Nous nous sommes arrêtés dans l’article précédent alors que l’île de Pâques sombrait dans des guerres tribales mettant à terre le culte des moais. La cause et même la réalité de ces guerres demeurent incertaines mais l’hypothèse que nous avons retenue est celle que développe Jared Diamond dans Effondrement (éd. Gallimard, collection Folio Essai). Pour lui et en se basant sur les dernières recherches scientifiques, la société pascuane aurait commis un écocide, un suicide écologique. Bien sûr, cette thèse est plutôt controversée sur l’île, personne n’aimant entendre que ses ancêtres sont les propres responsables de leur perte.. Dans ce territoire aux dimensions de l’île d’Oléron, il est venu un temps ou les ressources n’ont pas suffi pour subvenir aux besoins de chacun. On parle d’une population de 5000 à 15 000 habitants.Jusqu’alors l’île avait vécu pacifiquement, la quinzaine de tribus qui se la partageait cohabitaient harmonieusement. Mais la pression démographique combinée à une importante déforestation, entrainant elle-même une grave érosion des sols, ainsi que la disparition de certaines espèces animales à cause de la sur-exploitation, exacerbèrent les tensions entre tribus. Le rat polynésien qui embarqua clandestinement sur la pirogue de Hotu Matu’a participa au processus de déforestation en mangeant les graines et par la même empêcher le renouvèlement du manteau sylvestre. De plus, les conditions géographiques (beaucoup de vent, peu de pluie)de Rapa Nui font que les espèces se renouvèlent plus lentement que sur d’autres iles du Pacifique.

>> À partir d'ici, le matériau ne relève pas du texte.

(* Let $N\ge 2$. Every isometry $T$ of $W_N$ (a bijection $T:W_N\to W_N$ with $\|T(\mathbf u)-T(\mathbf v)\|=\|\mathbf u-\mathbf v\|$ for all $\mathbf u,\mathbf v\in W_N$) satisfies $T(\mathbf 0)=\mathbf 0$, and consequently $T$ permutes the set of vertices $\{\mathbf v_1,\dots,\mathbf v_N\}$.
   Context: Let $N\ge 2$ be an integer and $\mathbb T=\{z\in\mathbb C:|z|=1\}$. For $\mathbf a=(a_1,\dots,a_{N-1})\in\mathbb R^{N-1}$ define $\mathbf c=(c_1,\dots,c_{N-1})\in\mathbb C^{N-1}$ by $c_j=\frac{\sqrt2}{2}(a_j+i\,a_{N-j})$ for $1\le j<N/2$, $c_{N/2}=a_{N/2}$ (only when $N$ is even), and $c_j=\frac{\sqrt2}{2}(a_{N-j}-i\,a_j)$ for $N/2<j\le N-1$ (so $c_{N-j}=\overline{c_j}$). Associate to $\mathbf a$ the monic polynomial $\mathbf a(x)=x^N+\sum_{n=1}^{N-1}c_nx^{N-n}+1$. Define $W_N=\{\mathbf a\in\mathbb R^{N-1}:\text{all roots of }\mathbf a(x)\text{ lie in }\mathbb T\}$, with the Euclidean metric; note $\mathbf 0\in W_N$ corresponds to $x^N+1$. Let $\zeta_N=e^{2\pi i/N}$. The vertices $\mathbf v_1,\dots,\mathbf v_N\in W_N$ are defined by $\mathbf v_n(x)=(x+\zeta_N^n)^N$, $1\le n\le N$. *)

theory Defs
  imports "HOL-Analysis.Analysis" "HOL-Computational_Algebra.Polynomial"
begin

text \<open>Vectors of R^(N-1) are represented as functions nat => real whose
  coordinates are indexed by 1..N-1 and vanish outside that range.\<close>

definition vecs :: "nat \<Rightarrow> (nat \<Rightarrow> real) set" where
  "vecs N = {a. \<forall>j. (j < 1 \<or> N \<le> j) \<longrightarrow> a j = 0}"

definition edist :: "nat \<Rightarrow> (nat \<Rightarrow> real) \<Rightarrow> (nat \<Rightarrow> real) \<Rightarrow> real" where
  "edist N a b = sqrt (\<Sum>j=1..N-1. (a j - b j)^2)"

definition ccoef :: "nat \<Rightarrow> (nat \<Rightarrow> real) \<Rightarrow> nat \<Rightarrow> complex" where
  "ccoef N a j =
     (if 2 * j < N then complex_of_real (sqrt 2 / 2) * (complex_of_real (a j) + \<i> * complex_of_real (a (N - j)))
      else if 2 * j = N then complex_of_real (a j)
      else complex_of_real (sqrt 2 / 2) * (complex_of_real (a (N - j)) - \<i> * complex_of_real (a j)))"
definition is_state :: "nat \<Rightarrow> (nat \<Rightarrow> nat) \<Rightarrow> (('x::metric_space \<Rightarrow> blk) \<Rightarrow> complex) \<Rightarrow> bool" where
  "is_state n m \<phi> \<longleftrightarrow>
     (\<forall>a\<in>CXA n m. \<forall>b\<in>CXA n m. \<phi> (\<lambda>x. alg_add (a x) (b x)) = \<phi> a + \<phi> b) \<and>
     (\<forall>a\<in>CXA n m. \<forall>c. \<phi> (\<lambda>x. alg_scale c (a x)) = c * \<phi> a) \<and>
     (\<forall>b\<in>CXA n m. Im (\<phi> (\<lambda>x. alg_mult n m (alg_adj (b x)) (b x))) = 0 \<and>
                  Re (\<phi> (\<lambda>x. alg_mult n m (alg_adj (b x)) (b x))) \<ge> 0) \<and>
     \<phi> (fun_one n m) = 1"

definition Delta :: "(blk \<Rightarrow> complex) \<Rightarrow> 'x \<Rightarrow> ('x \<Rightarrow> blk) \<Rightarrow> complex" where
  "Delta \<phi> x = (\<lambda>a. \<phi> (a x))"

definition lip :: "(blk \<Rightarrow> real) \<Rightarrow> ('x::metric_space \<Rightarrow> blk) \<Rightarrow> ereal" where
  "lip nrm a = (SUP p \<in> {p :: 'x \<times> 'x. fst p \<noteq> snd p}.
       ereal (nrm (alg_diff (a (fst p)) (a (snd p))) / dist (fst p) (snd p)))"

definition L_CX :: "nat \<Rightarrow> (nat \<Rightarrow> nat) \<Rightarrow> (blk \<Rightarrow> real) \<Rightarrow> ('x::metric_space \<Rightarrow> blk) \<Rightarrow> ereal" where
  "L_CX n m nrm a = max (lip nrm a)
      (ereal (Inf {sup_norm n m (fun_diff a b) | b. b \<in> CX_scalar n m}))"

definition L_C :: "nat \<Rightarrow> (nat \<Rightarrow> nat) \<Rightarrow> (blk \<Rightarrow> real) \<Rightarrow> ('x::metric_space \<Rightarrow> blk) \<Rightarrow> ereal" where
  "L_C n m nrm a = max (lip nrm a)
      (ereal (Inf {sup_norm n m (fun_diff a (\<lambda>x. alg_scale c (alg_one n m))) | c. True}))"

definition L_mu :: "nat \<Rightarrow> (nat \<Rightarrow> nat) \<Rightarrow> (blk \<Rightarrow> real) \<Rightarrow> (('x::metric_space \<Rightarrow> blk) \<Rightarrow> complex)
    \<Rightarrow> ('x \<Rightarrow> blk) \<Rightarrow> ereal" where
  "L_mu n m nrm \<mu> a = max (lip nrm a)
      (ereal (sup_norm n m (fun_diff a (\<lambda>x. alg_scale (\<mu> a) (alg_one n m)))))"

definition mk :: "nat \<Rightarrow> (nat \<Rightarrow> nat) \<Rightarrow> (('x::metric_space \<Rightarrow> blk) \<Rightarrow> ereal)
    \<Rightarrow> (('x \<Rightarrow> blk) \<Rightarrow> complex) \<Rightarrow> (('x \<Rightarrow> blk) \<Rightarrow> complex) \<Rightarrow> ereal" where
  "mk n m L \<phi> \<psi> = (SUP a \<in> {a \<in> CXA n m. fun_adj a = a \<and> L a \<le> 1}.
       ereal (cmod (\<phi> a - \<psi> a)))"

end

(* Upper bound: if L a <= 1 then the Lipschitz seminorm gives |a x - a y|_n <= d(x,y); the
   trace state is dominated by the C*-norm (diagonal entries are bounded by the block operator
   norms), and the C*-norm is at most N |.|_n.
   Lower bound: the scalar test element a_s z = s d(x,z) 1 separates Delta x and Delta y by
   exactly s d(x,y), and its Lipschitz seminorm is s |1|_n <= s / M, so s = M is admissible
   for q = C(X), where the quotient term vanishes on scalar functions. For q = C and q = mu
   the quotient term is at most s D (subtract 0, resp. mu a_s, which positivity of mu places
   in [0, s D]), so one needs in addition s D <= 1; this leads to s = M or s = 1 / (c D). *)

theory Submission
  imports Defs
begin

lemma bdd_above_blk_opnorm_image:
  "bdd_above ((\<lambda>v. sqrt (\<Sum>i<m k. (cmod (\<Sum>j<m k. a k i j * v j))\<^sup>2)) `
      {v :: nat \<Rightarrow> complex. (\<Sum>i<m k. (cmod (v i))\<^sup>2) = 1})"
proof (rule bdd_aboveI2)
  fix v :: "nat \<Rightarrow> complex" assume "v \<in> {v. (\<Sum>i<m k. (cmod (v i))\<^sup>2) = 1}"
  hence unit: "(\<Sum>i<m k. (cmod (v i))\<^sup>2) = 1" by simp
  have coord_le_1: "cmod (v j) \<le> 1" if "j < m k" for j
  proof -
    have "(cmod (v j))\<^sup>2 \<le> (\<Sum>i<m k. (cmod (v i))\<^sup>2)"
      by (rule member_le_sum) (use that in auto)
    thus ?thesis using unit by (simp add: power_le_one_iff abs_square_le_1)
  qed
  have "cmod (\<Sum>j<m k. a k i j * v j) \<le> (\<Sum>j<m k. cmod (a k i j))" for i
    by (rule order_trans[OF norm_sum sum_mono])
       (use coord_le_1 in \<open>auto simp: norm_mult intro: mult_left_le\<close>)
  hence "(\<Sum>i<m k. (cmod (\<Sum>j<m k. a k i j * v j))\<^sup>2) \<le> (\<Sum>i<m k. (\<Sum>j<m k. cmod (a k i j))\<^sup>2)"
    by (intro sum_mono power_mono) auto
  thus "sqrt (\<Sum>i<m k. (cmod (\<Sum>j<m k. a k i j * v j))\<^sup>2)
      \<le> sqrt (\<Sum>i<m k. (\<Sum>j<m k. cmod (a k i j))\<^sup>2)"
    by simp
qed

lemma sum_sq_norm_basis_vector:
  "j < (N::nat) \<Longrightarrow> (\<Sum>l<N. (cmod (if l = j then 1 else 0 :: complex))\<^sup>2) = 1"
  by (simp add: if_distrib[of "\<lambda>z. (cmod z)\<^sup>2"] sum.delta' cong: if_cong)

lemma norm_entry_le_blk_opnorm:
  assumes "i < m k" "j < m k"
  shows "cmod (a k i j) \<le> blk_opnorm m k a"
proof -
  let ?e = "\<lambda>l. if l = j then 1 else 0 :: complex"
  have column: "(\<Sum>l<m k. a k i' l * ?e l) = a k i' j" for i'
    using assms(2) by (simp add: if_distrib[of "(*) _"] cong: if_cong)
  have "cmod (a k i j) = sqrt ((cmod (a k i j))\<^sup>2)" by simp
  also have "\<dots> \<le> sqrt (\<Sum>i'<m k. (cmod (a k i' j))\<^sup>2)"
    by (intro real_sqrt_le_mono member_le_sum) (use assms(1) in auto)
  also have "\<dots> \<le> blk_opnorm m k a"
    unfolding blk_opnorm_def
    by (rule cSUP_upper2[OF bdd_above_blk_opnorm_image, of ?e])
       (simp_all add: sum_sq_norm_basis_vector assms(2) column)
  finally show ?thesis .
qed

lemma blk_opnorm_le_cstar_norm: "k \<le> n \<Longrightarrow> blk_opnorm m k a \<le> cstar_norm n m a"
  unfolding cstar_norm_def by (rule Max_ge) auto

Devant l’appauvrissement des ressources, les chefs multiplièrent les efforts pour plaire et attirer les faveurs des Anciens en construisant toujours plus de moais, toujours plus grands. Se faisant, cette “course à l’armement” divin ne fit qu’accentuer la pression sur les ressources sylvestres nécessaires au transport et à l’élévation des moais aggravant à son tour le problème de déforestation. Moins de bois pour une société qui n’a pas accès à d’autres ressources et n’a aucun contact avec l’extérieur signifie une mort à petit feu: pas d’arbre assez costaud pour construire les pirogues pour la pêche, plus de crémation possible, plus d’outils, plus de maison etc etc…Les dernières ressources disponibles ont donc du être la raison d’intenses tensions qui dégénérèrent en guerres tribales. La tradition orale rapporte que devant le manque de denrées alimentaires , les iliens se livrèrent à des actes de cannibalisme. Et quoi de plus démoralisant pour l’adversaire que de voir détruire ses lieux de culte, source du pouvoir de la tribu? C’est ainsi que les moais perdirent la tête.
Sur ces entre-faits, le 5 avril 1722, un dimanche de Pâques, les européens par l’intermédiaire de Jacob Roggeveen découvrirent l’existence de l’île qui désormais portera le nom d’île de Pâques. Ils ouvrirent ainsi la porte à la variole qui continua le travail commencé par les guerres tribales.Les péruviens s’y mirent aussi en 1862 en raflant un millier de pascuans pour les envoyer travailler dans des gisements de guano. Nous autres français participâmes de notre petite contribution lorsqu’en 1870, l’aventurier JB Dutroux Bornier se proclama roi et asservit la population en esclavage pour élever des moutons. Les missionnaires sauvèrent une centaine d’habitants en les amenant sur les iles de Mangareva. Il reste de cette époque des liens très forts entre Rapa Nui et la Polynésie Française. Le dictateur, quant à lui, fut assassiné 7 ans plus tard. A cette époque, il ne reste plus que 111 pascuans, d’où la difficulté de sauver la tradition orale de cette culture. Le Chili annexa le territoire en 1888 pour le céder à une compagnie anglaise qui la transforma en élevage de mouton et assura de facto le gouvernement de l’île jusque dans la moitié du XXème siècle. Le Chili reprend ses droits à ce moment là.
Dernière anecdote, afin d’assurer leur contrôle sur la population, les Chiliens réunirent les habitants sur le lieu qui allait devenir Hanga Roa (le seul village de l’île). Ils ne trouvèrent pas de moyen plus efficace et plus rapide que de leur tirer dessus pour les rabattre là où ils voulaient. Aujourd’hui, cette dépossession des terres ancestrales est au coeur d’âpres discussions avec le gouvernement chilien puisque les pascuans n’ont toujours pas le droit d’habiter ailleurs qu’à Hanga Roa. Rapa Nui appartient pour 1/3 à un parc national et le reste est au Chili.
La culture RapaNui est l’objet d’une résurgence au près de la jeunesse pascuane ainsi que la fierté d’appartenir au peuple maori.